Soixante ans après sa première apparition, le roi de la gaffe sévit toujours. Le pire employé de bureau du monde est même devenu un mythe. Et pourtant, ce n’était pas gagné d’avance. Quand André Franquin, 33 ans en 1957, se pointe dans le bureau d’Yvan Delporte, le rédacteur en chef du journal Spirou, il n’a pas encore de projet bien ficelé. […]
Le personnage de Gaston va servir de bouche-trou rédactionnel. «Il y avait à cette époque deux éditions au journal Spirou, une à destination de la France, l’autre de la Belgique. Les annonceurs n’étaient pas les mêmes.
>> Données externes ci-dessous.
definition rank_of ::
  "'q set \<Rightarrow> ('q \<Rightarrow> 'a \<Rightarrow> 'q set) \<Rightarrow> 'q set \<Rightarrow> 'q set \<Rightarrow> (nat \<Rightarrow> 'a) \<Rightarrow> ('q \<times> nat) \<Rightarrow> enat" where
  "rank_of Q \<delta> I F \<alpha> v =
     (if \<exists>j\<le>2 * card Q. v \<in> dag_G \<delta> I F \<alpha> j \<and> v \<notin> dag_G \<delta> I F \<alpha> (Suc j)
      then enat (LEAST j. v \<in> dag_G \<delta> I F \<alpha> j \<and> v \<notin> dag_G \<delta> I F \<alpha> (Suc j))
      else \<infinity>)"

definition even_ceil :: "enat \<Rightarrow> enat" where
  "even_ceil x = (case x of enat k \<Rightarrow> enat (if even k then k else Suc k) | \<infinity> \<Rightarrow> \<infinity>)"

end

theory Submission
  imports Defs
begin

text \<open>If Spoiler walks along an infinite path from \<open>(p, i)\<close> inside \<open>G (2 * j)\<close>, Duplicator's
answer from \<open>(q, i)\<close> is an infinite path inside \<open>G (2 * j)\<close> as well.  Every vertex on an infinite path of \<open>G (2 * j)\<close> survives into
\<open>G (2 * j + 1)\<close>.  A vertex of Duplicator's answer is not endangered there, because at that
moment Spoiler may divert towards an accepting vertex inside \<open>G (2 * j + 1)\<close> and then continue
along an infinite path of \<open>G (2 * j)\<close>: Duplicator has no lookahead, so the answer to the
diverted play agrees with the original one so far, and the delayed winning condition makes it
visit \<open>F\<close> later, inside \<open>G (2 * j + 1)\<close>.  Hence \<open>(p, i) \<in> G (2 * j + 1)\<close> implies
\<open>(q, i) \<in> G (2 * j + 1)\<close>, which bounds the rank of \<open>(p, i)\<close> by the even ceiling of that of
\<open>(q, i)\<close>.  Koenig's lemma translates between infinitely many reachable vertices and infinite
paths.\<close>

lemma infinite_rtrancl_Image_imp_chain:
  assumes finite_succ: "\<And>x. finite (R `` {x})" and infinite_reach: "infinite (R\<^sup>* `` {v})"
  shows "\<exists>f. f 0 = v \<and> (\<forall>n. (f n, f (Suc n)) \<in> R)"
proof -
  have step: "\<exists>y. (x, y) \<in> R \<and> infinite (R\<^sup>* `` {y})" if "infinite (R\<^sup>* `` {x})" for x
  proof (rule ccontr)
    assume "\<nexists>y. (x, y) \<in> R \<and> infinite (R\<^sup>* `` {y})"
    then have "finite (\<Union>y\<in>R `` {x}. R\<^sup>* `` {y})"
      using finite_succ by blast
    moreover have "R\<^sup>* `` {x} = insert x (\<Union>y\<in>R `` {x}. R\<^sup>* `` {y})"
      by (auto elim: converse_rtranclE intro: converse_rtrancl_into_rtrancl)
    ultimately show False
      using that by simp
  qed
  define succ where "succ x = (SOME y. (x, y) \<in> R \<and> infinite (R\<^sup>* `` {y}))" for x
  define f where "f n = (succ ^^ n) v" for n
  have succ: "(x, succ x) \<in> R \<and> infinite (R\<^sup>* `` {succ x})" if "infinite (R\<^sup>* `` {x})" for x
    unfolding succ_def using someI_ex[OF step[OF that]] .
  have infinite_f: "infinite (R\<^sup>* `` {f n})" for n
    by (induction n) (simp_all add: f_def infinite_reach succ)
  show ?thesis
  proof (intro exI conjI allI)
    show "f 0 = v" and "(f n, f (Suc n)) \<in> R" for n
      using succ[OF infinite_f] by (simp_all add: f_def)
  qed
qed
Parfois il y avait des vides dans la mise en page», explique Christelle Pissavy-Yvernault, auteure avec son mari Bertrand de deux tomes de La véritable histoire de Spirou (série en cours). […]
Il y a soixante ans, dans un bistrot situé à deux pas de la rédaction de Spirou, Franquin jette sur le papier les premières esquisses de Gaston. Une posture molle, des cheveux ébouriffés et, très vite, une clope au bec, comme son auteur. «Je lui ai donné une forme graphique, Yvan Delporte m’a aidé à trouver sa personnalité», raconte le dessinateur disparu en 1997 dans le livre d’entretiens Et Franquin créa Lagaffe. Delporte s’inspire d’un copain à lui, Gaston Mostraet, un jeune chimiste un peu dingue qu’il connaissait depuis une dizaine d’années.[…]
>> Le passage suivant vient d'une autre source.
(* Let $\hat u_0:\mathbb{R}^n\to\mathbb{R}^m$ be such that its graph $M_0\subset\mathbb{R}^{n,m}$ is spacelike and $0\in M_0$. Then $$\lim_{R\to\infty}\inf_{x\in\mathbb{R}^n\setminus B_R}\big[|x|^2-\|\hat u_0(x)\|^2\big]=\infty,$$ equivalently $\lim_{R\to\infty}\inf_{M_0\setminus\mathcal{C}_R}|X|^2=\infty$. Moreover, there exists $\epsilon>0$ such that $\|\hat u_0\|\le\chi_\epsilon$, where $\chi_\epsilon(x)=1-\epsilon$ for $x\in\overline{B_1(0)}$ and $\chi_\epsilon(x)=|x|-\epsilon$ for $x\in\mathbb{R}^n\setminus B_1(0)$.
   Context: $\mathbb{R}^{n,m}=\mathbb{R}^n\times\mathbb{R}^m$ with quadratic form $|(x,y)|^2=|x|^2-\|y\|^2$ ($|x|,\|y\|$ Euclidean norms). The graph is spacelike if $\delta_{ij}-\sum_AD_i\hat u_0^AD_j\hat u_0^A$ is positive definite. $X$ is the position vector of $M_0$, $B_R\subset\mathbb{R}^n$ the Euclidean ball, and $\mathcal{C}_R=\{(x,y)\in\mathbb{R}^{n,m}:|x|^2<R^2\}$ the solid cylinder. *)

theory Defs
  imports "HOL-Analysis.Analysis"
begin

definition graph_metric ::
  "(real^'n \<Rightarrow> real^'m) \<Rightarrow> real^'n \<Rightarrow> 'n \<Rightarrow> 'n \<Rightarrow> real" where
  "graph_metric u x i j =
     (if i = j then 1 else 0)
     - (\<Sum>A\<in>UNIV. (frechet_derivative u (at x) (axis i 1)) $ A
                    * (frechet_derivative u (at x) (axis j 1)) $ A)"

definition spacelike_graph :: "(real^'n \<Rightarrow> real^'m) \<Rightarrow> bool" where
  "spacelike_graph u \<longleftrightarrow>
     (\<forall>x. u differentiable (at x)) \<and>
     (\<forall>x. \<forall>v::real^'n. v \<noteq> 0 \<longrightarrow>
        (\<Sum>i\<in>UNIV. \<Sum>j\<in>UNIV. v $ i * graph_metric u x i j * v $ j) > 0)"

definition lorentz_sq :: "(real^'n) \<times> (real^'m) \<Rightarrow> real" where
  "lorentz_sq p = norm (fst p) ^ 2 - norm (snd p) ^ 2"

definition graph_of :: "(real^'n \<Rightarrow> real^'m) \<Rightarrow> ((real^'n) \<times> (real^'m)) set" where
  "graph_of u = {(x, u x) | x. True}"

definition cylinder :: "real \<Rightarrow> ((real^'n) \<times> (real^'m)) set" where
  "cylinder R = {p. norm (fst p) ^ 2 < R ^ 2}"

definition chi :: "real \<Rightarrow> real^'n \<Rightarrow> real" where
  "chi \<epsilon> x = (if norm x \<le> 1 then 1 - \<epsilon> else norm x - \<epsilon>)"

end

theory Submission
  imports Defs
begin

text \<open>The quadratic form of the induced metric at a point x is
  v \<mapsto> |v|^2 - |Du(x) v|^2, so spacelikeness says exactly that every differential
  Du(x) is a strict contraction. By the mean value inequality u itself is then a strict
  contraction, and since u(0) = 0 and the closed unit ball is compact, |u| \<le> 1 - \<epsilon> there
  for some \<epsilon> > 0. Comparing a point x outside the ball with x / |x| gives
  |u(x)| \<le> |x| - \<epsilon>, whence |x|^2 - |u(x)|^2 \<ge> 2\<epsilon>|x| - \<epsilon>^2 \<rightarrow> \<infinity>.\<close>

lemma graph_quadratic_form_eq:
  fixes D :: "real^'n \<Rightarrow> real^'m"
  assumes "linear D"
  shows "(\<Sum>i\<in>UNIV. \<Sum>j\<in>UNIV. v $ i * ((if i = j then 1 else 0)
            - (\<Sum>A\<in>UNIV. D (axis i 1) $ A * D (axis j 1) $ A)) * v $ j)
         = norm v ^ 2 - norm (D v) ^ 2"
proof -
  have Dv: "D v = (\<Sum>i\<in>UNIV. v $ i *\<^sub>R D (axis i 1))"
  proof -
    have "v = (\<Sum>i\<in>UNIV. v $ i *\<^sub>R axis i 1)"
      using basis_expansion[of v] by (simp add: scalar_mult_eq_scaleR)
    then have "D v = D (\<Sum>i\<in>UNIV. v $ i *\<^sub>R axis i 1)" by simp
    also have "\<dots> = (\<Sum>i\<in>UNIV. v $ i *\<^sub>R D (axis i 1))"
      using assms by (simp add: linear_sum linear_cmul)
    finally show ?thesis .
  qed
  have norm_sq: "norm w ^ 2 = (\<Sum>i\<in>UNIV. w $ i * w $ i)" for w :: "real^'k"
    by (simp add: norm_vec_def L2_set_def power2_eq_square sum_nonneg)
  have "(\<Sum>i\<in>UNIV. \<Sum>j\<in>UNIV. v $ i * ((if i = j then 1 else 0)
            - (\<Sum>A\<in>UNIV. D (axis i 1) $ A * D (axis j 1) $ A)) * v $ j)
    = (\<Sum>i\<in>UNIV. \<Sum>j\<in>UNIV. v $ i * (if i = j then 1 else 0) * v $ j)
      - (\<Sum>i\<in>UNIV. \<Sum>j\<in>UNIV. \<Sum>A\<in>UNIV. v $ i * D (axis i 1) $ A * (D (axis j 1) $ A * v $ j))"
    by (simp add: right_diff_distrib left_diff_distrib sum_subtractf sum_distrib_left
        sum_distrib_right mult.assoc)
  also have "(\<Sum>i\<in>UNIV. \<Sum>j\<in>UNIV. v $ i * (if i = j then 1 else 0) * v $ j) = norm v ^ 2"
    unfolding norm_sq by (simp add: if_distrib if_distribR cong: if_cong)
  also have "(\<Sum>i\<in>UNIV. \<Sum>j\<in>UNIV. \<Sum>A\<in>UNIV. v $ i * D (axis i 1) $ A * (D (axis j 1) $ A * v $ j))
    = (\<Sum>i\<in>UNIV. \<Sum>A\<in>UNIV. \<Sum>j\<in>UNIV. v $ i * D (axis i 1) $ A * (D (axis j 1) $ A * v $ j))"
    by (intro sum.cong refl sum.swap)
  also have "\<dots> = (\<Sum>A\<in>UNIV. \<Sum>i\<in>UNIV. \<Sum>j\<in>UNIV. v $ i * D (axis i 1) $ A * (D (axis j 1) $ A * v $ j))"
    by (rule sum.swap)
  also have "\<dots> = (\<Sum>A\<in>UNIV. (\<Sum>i\<in>UNIV. v $ i * D (axis i 1) $ A)
                             * (\<Sum>j\<in>UNIV. D (axis j 1) $ A * v $ j))"
    by (simp only: sum_product)
  also have "\<dots> = norm (D v) ^ 2"
    unfolding norm_sq by (simp add: Dv sum_component mult.commute)
  finally show ?thesis .
qed

lemma spacelike_graph_derivative_contraction:
  fixes u :: "real^'n \<Rightarrow> real^'m"
  assumes "spacelike_graph u" and "v \<noteq> 0"
  shows "norm (frechet_derivative u (at x) v) < norm v"
proof -
  have "linear (frechet_derivative u (at x))"
    using assms(1) frechet_derivative_works has_derivative_linear
    unfolding spacelike_graph_def by blast
  moreover have "(\<Sum>i\<in>UNIV. \<Sum>j\<in>UNIV. v $ i * graph_metric u x i j * v $ j) > 0"
    using assms unfolding spacelike_graph_def by blast
  ultimately have "norm (frechet_derivative u (at x) v) ^ 2 < norm v ^ 2"
    unfolding graph_metric_def by (simp add: graph_quadratic_form_eq)
  then show ?thesis
    using power_less_imp_less_base by fastforce
qed

lemma spacelike_graph_dist_less:
  fixes u :: "real^'n \<Rightarrow> real^'m"
  assumes sp: "spacelike_graph u" and "a \<noteq> b"
  shows "dist (u a) (u b) < dist a b"
proof -
  define D where "D = (\<lambda>y. frechet_derivative u (at y))"
  define h where "h = (\<lambda>t::real. u (a + t *\<^sub>R (b - a)))"
  have h_deriv: "(h has_derivative (\<lambda>s. D (a + t *\<^sub>R (b - a)) (s *\<^sub>R (b - a)))) (at t)" for t
  proof -
    have "(u has_derivative D y) (at y)" for y
      using sp frechet_derivative_works unfolding spacelike_graph_def D_def by blast
    moreover have "((\<lambda>t. a + t *\<^sub>R (b - a)) has_derivative (\<lambda>s. s *\<^sub>R (b - a))) (at t)"
      by (auto intro!: derivative_eq_intros)
    ultimately show ?thesis
      unfolding h_def using has_derivative_compose by blast
  qed
  then have "continuous_on {0..1} h"
    by (meson continuous_at_imp_continuous_on has_derivative_continuous)
  then obtain t where "norm (h 1 - h 0) \<le> norm (D (a + t *\<^sub>R (b - a)) ((1 - 0) *\<^sub>R (b - a)))"
    using mvt_general[of 0 1 h, OF _ _ h_deriv] by auto
  also have "\<dots> < norm (b - a)"
    unfolding D_def using spacelike_graph_derivative_contraction[OF sp] \<open>a \<noteq> b\<close> by simp
  finally show ?thesis
    unfolding h_def by (simp add: dist_norm norm_minus_commute)
qed

lemma strict_contraction_bounded_on_unit_ball:
  fixes u :: "'a::euclidean_space \<Rightarrow> 'b::real_normed_vector"
  assumes "u 0 = 0" and contr: "\<And>a b. a \<noteq> b \<Longrightarrow> dist (u a) (u b) < dist a b"
  shows "\<exists>\<epsilon>>0. \<forall>x\<in>cball 0 1. norm (u x) \<le> 1 - \<epsilon>"
proof -
  have "dist (u a) (u b) \<le> 1 * dist a b" for a b
    using contr[of a b] by (cases "a = b") auto
  then have "1-lipschitz_on UNIV u"
    by (intro lipschitz_onI) auto
  then have "continuous_on (cball 0 1) (\<lambda>x. norm (u x))"
    by (intro continuous_on_norm continuous_on_subset[OF lipschitz_on_continuous_on]) auto
  then have "\<exists>z\<in>cball 0 1. \<forall>x\<in>cball 0 1. norm (u x) \<le> norm (u z)"
    by (intro continuous_attains_sup) auto
  then obtain z where z: "z \<in> cball 0 1" and z_max: "\<forall>x\<in>cball 0 1. norm (u x) \<le> norm (u z)"
    by blast
  have "norm (u z) < 1"
  proof (cases "z = 0")
    case False
    then have "dist (u z) (u 0) < dist z 0" by (rule contr)
    then show ?thesis using z \<open>u 0 = 0\<close> by simp
  qed (simp add: \<open>u 0 = 0\<close>)
  then show ?thesis
    using z_max by (intro exI[of _ "1 - norm (u z)"]) auto
qed

lemma strict_contraction_le_chi:
  fixes u :: "real^'n \<Rightarrow> 'b::real_normed_vector"
  assumes "u 0 = 0" and contr: "\<And>a b. a \<noteq> b \<Longrightarrow> dist (u a) (u b) < dist a b"
  shows "\<exists>\<epsilon>>0. \<forall>x. norm (u x) \<le> chi \<epsilon> x"
proof -
  obtain \<epsilon> where "\<epsilon> > 0" and ball_bound: "\<forall>x\<in>cball 0 1. norm (u x) \<le> 1 - \<epsilon>"
    using strict_contraction_bounded_on_unit_ball[OF assms] by blast
  have "norm (u x) \<le> norm x - \<epsilon>" if "norm x > 1" for x
  proof -
    define y where "y = (1 / norm x) *\<^sub>R x"
    have "x \<noteq> 0"
      using that by auto
    then have "norm y = 1" and "x - y = (1 - 1 / norm x) *\<^sub>R x"
      by (simp_all add: y_def algebra_simps)
    moreover have "1 / norm x \<le> 1"
      using that by (simp add: divide_le_eq)
    ultimately have "dist x y = (1 - 1 / norm x) * norm x"
      by (simp add: dist_norm)
    also have "\<dots> = norm x - 1"
      using \<open>x \<noteq> 0\<close> by (simp add: field_simps)
    finally have "dist x y = norm x - 1" .
    moreover have "dist (u x) (u y) \<le> dist x y"
      using contr[of x y] by (cases "x = y") auto
    moreover have "norm (u x) \<le> norm (u y) + dist (u x) (u y)"
      by (metis dist_norm norm_triangle_sub)
    moreover have "norm (u y) \<le> 1 - \<epsilon>"
      using ball_bound \<open>norm y = 1\<close> by simp
    ultimately show ?thesis
      by linarith
  qed
  then show ?thesis
    using \<open>\<epsilon> > 0\<close> ball_bound unfolding chi_def by (intro exI[of _ \<epsilon>]) auto
qed

lemma le_chi_imp_norm_sq_diff_ge:
  fixes x :: "real^'n" and y :: "'b::real_normed_vector"
  assumes "norm y \<le> chi \<epsilon> x" and "0 \<le> \<epsilon>" and "1 \<le> R" and "R \<le> norm x"
  shows "2 * \<epsilon> * R - \<epsilon> ^ 2 \<le> norm x ^ 2 - norm y ^ 2"
proof -
  have "norm y \<le> norm x - \<epsilon>"
    using assms unfolding chi_def by (auto split: if_splits)
  then have "norm y ^ 2 \<le> (norm x - \<epsilon>) ^ 2"
    by (simp add: power_mono)
  moreover have "2 * \<epsilon> * R \<le> 2 * \<epsilon> * norm x"
    using assms by (simp add: mult_left_mono)
  ultimately show ?thesis
    by (simp add: power2_eq_square algebra_simps)
qed

lemma INF_ereal_tendsto_PInfty:
  fixes f :: "'a \<Rightarrow> real"
  assumes "filterlim b at_top F" and "\<forall>\<^sub>F R in F. \<forall>x\<in>A R. b R \<le> f x"
  shows "((\<lambda>R. INF x\<in>A R. ereal (f x)) \<longlongrightarrow> \<infinity>) F"
  unfolding tendsto_PInfty
proof
  fix r
  have "\<forall>\<^sub>F R in F. r < b R"
    using assms(1) filterlim_at_top_dense by blast
  with assms(2) show "\<forall>\<^sub>F R in F. ereal r < (INF x\<in>A R. ereal (f x))"
  proof eventually_elim
    case (elim R)
    then have "ereal r < ereal (b R)"
      by simp
    also have "\<dots> \<le> (INF x\<in>A R. ereal (f x))"
      using elim by (intro INF_greatest) simp
    finally show ?case .
  qed
qed

lemma graph_minus_cylinder_eq_image:
  fixes u :: "real^'n \<Rightarrow> real^'m"
  assumes "0 \<le> R"
  shows "graph_of u - cylinder R = (\<lambda>x. (x, u x)) ` (UNIV - ball 0 R)"
proof -
  have "norm x ^ 2 < R ^ 2 \<longleftrightarrow> norm x < R" for x :: "real^'n"
    using assms by (auto intro: power_strict_mono dest: power_less_imp_less_base)
  then show ?thesis
    by (auto simp: graph_of_def cylinder_def dist_norm)
qed

theorem lemma5p1:
  fixes u :: "real^'n \<Rightarrow> real^'m"
  assumes "spacelike_graph u"
    and "(0, 0) \<in> graph_of u"
  shows "((\<lambda>R. INF x\<in>UNIV - ball 0 R. ereal (norm x ^ 2 - norm (u x) ^ 2))
            \<longlongrightarrow> \<infinity>) at_top
       \<and> ((\<lambda>R. INF X\<in>graph_of u - cylinder R. ereal (lorentz_sq X))
            \<longlongrightarrow> \<infinity>) at_top
       \<and> (\<exists>\<epsilon>>0. \<forall>x. norm (u x) \<le> chi \<epsilon> x)"
proof -
  have "u 0 = 0"
    using assms(2) unfolding graph_of_def by auto
  then obtain \<epsilon> where "\<epsilon> > 0" and chi_bound: "\<forall>x. norm (u x) \<le> chi \<epsilon> x"
    using strict_contraction_le_chi spacelike_graph_dist_less[OF assms(1)] by blast
  have "filterlim (\<lambda>R. (- (\<epsilon> ^ 2)) + 2 * \<epsilon> * R) at_top at_top"
    using \<open>\<epsilon> > 0\<close> by (intro filterlim_tendsto_add_at_top[OF tendsto_const]
        filterlim_tendsto_pos_mult_at_top[OF tendsto_const _ filterlim_ident]) simp
  then have "filterlim (\<lambda>R. 2 * \<epsilon> * R - \<epsilon> ^ 2) at_top at_top"
    by (simp add: algebra_simps)
  moreover have "\<forall>\<^sub>F R in at_top. \<forall>x\<in>UNIV - ball 0 R.
      2 * \<epsilon> * R - \<epsilon> ^ 2 \<le> norm x ^ 2 - norm (u x) ^ 2"
    using eventually_ge_at_top[of 1] by eventually_elim
      (use chi_bound \<open>\<epsilon> > 0\<close> in \<open>auto intro!: le_chi_imp_norm_sq_diff_ge simp: dist_norm\<close>)
  ultimately have "((\<lambda>R. INF x\<in>UNIV - ball 0 R. ereal (norm x ^ 2 - norm (u x) ^ 2)) \<longlongrightarrow> \<infinity>) at_top"
    by (rule INF_ereal_tendsto_PInfty)
  moreover have "\<forall>\<^sub>F R in at_top. (INF X\<in>graph_of u - cylinder R. ereal (lorentz_sq X))
      = (INF x\<in>UNIV - ball 0 R. ereal (norm x ^ 2 - norm (u x) ^ 2))"
    using eventually_ge_at_top[of 0]
    by eventually_elim (simp add: graph_minus_cylinder_eq_image image_comp o_def lorentz_sq_def)
  ultimately show ?thesis
    using tendsto_cong chi_bound \<open>\<epsilon> > 0\<close> by fastforce
qed

end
Désormais sexagénaire, Gaston reste-t-il dans le coup? «Il est marqué par son époque», relève Christelle Pissavy-Yvernault. «Je le relie à un film comme Alexandre le bienheureux, d’Yves Robert, ou à la chanson de Pierre Perret, La cage aux oiseaux. Deux références datées mais dont le propos reste d’actualité. C’est nous montrer comment, par des petits gestes du quotidien, on n’est pas obligé de faire exactement ce que la société nous impose, gardant ainsi notre libre arbitre. Et ça, c’est intemporel.»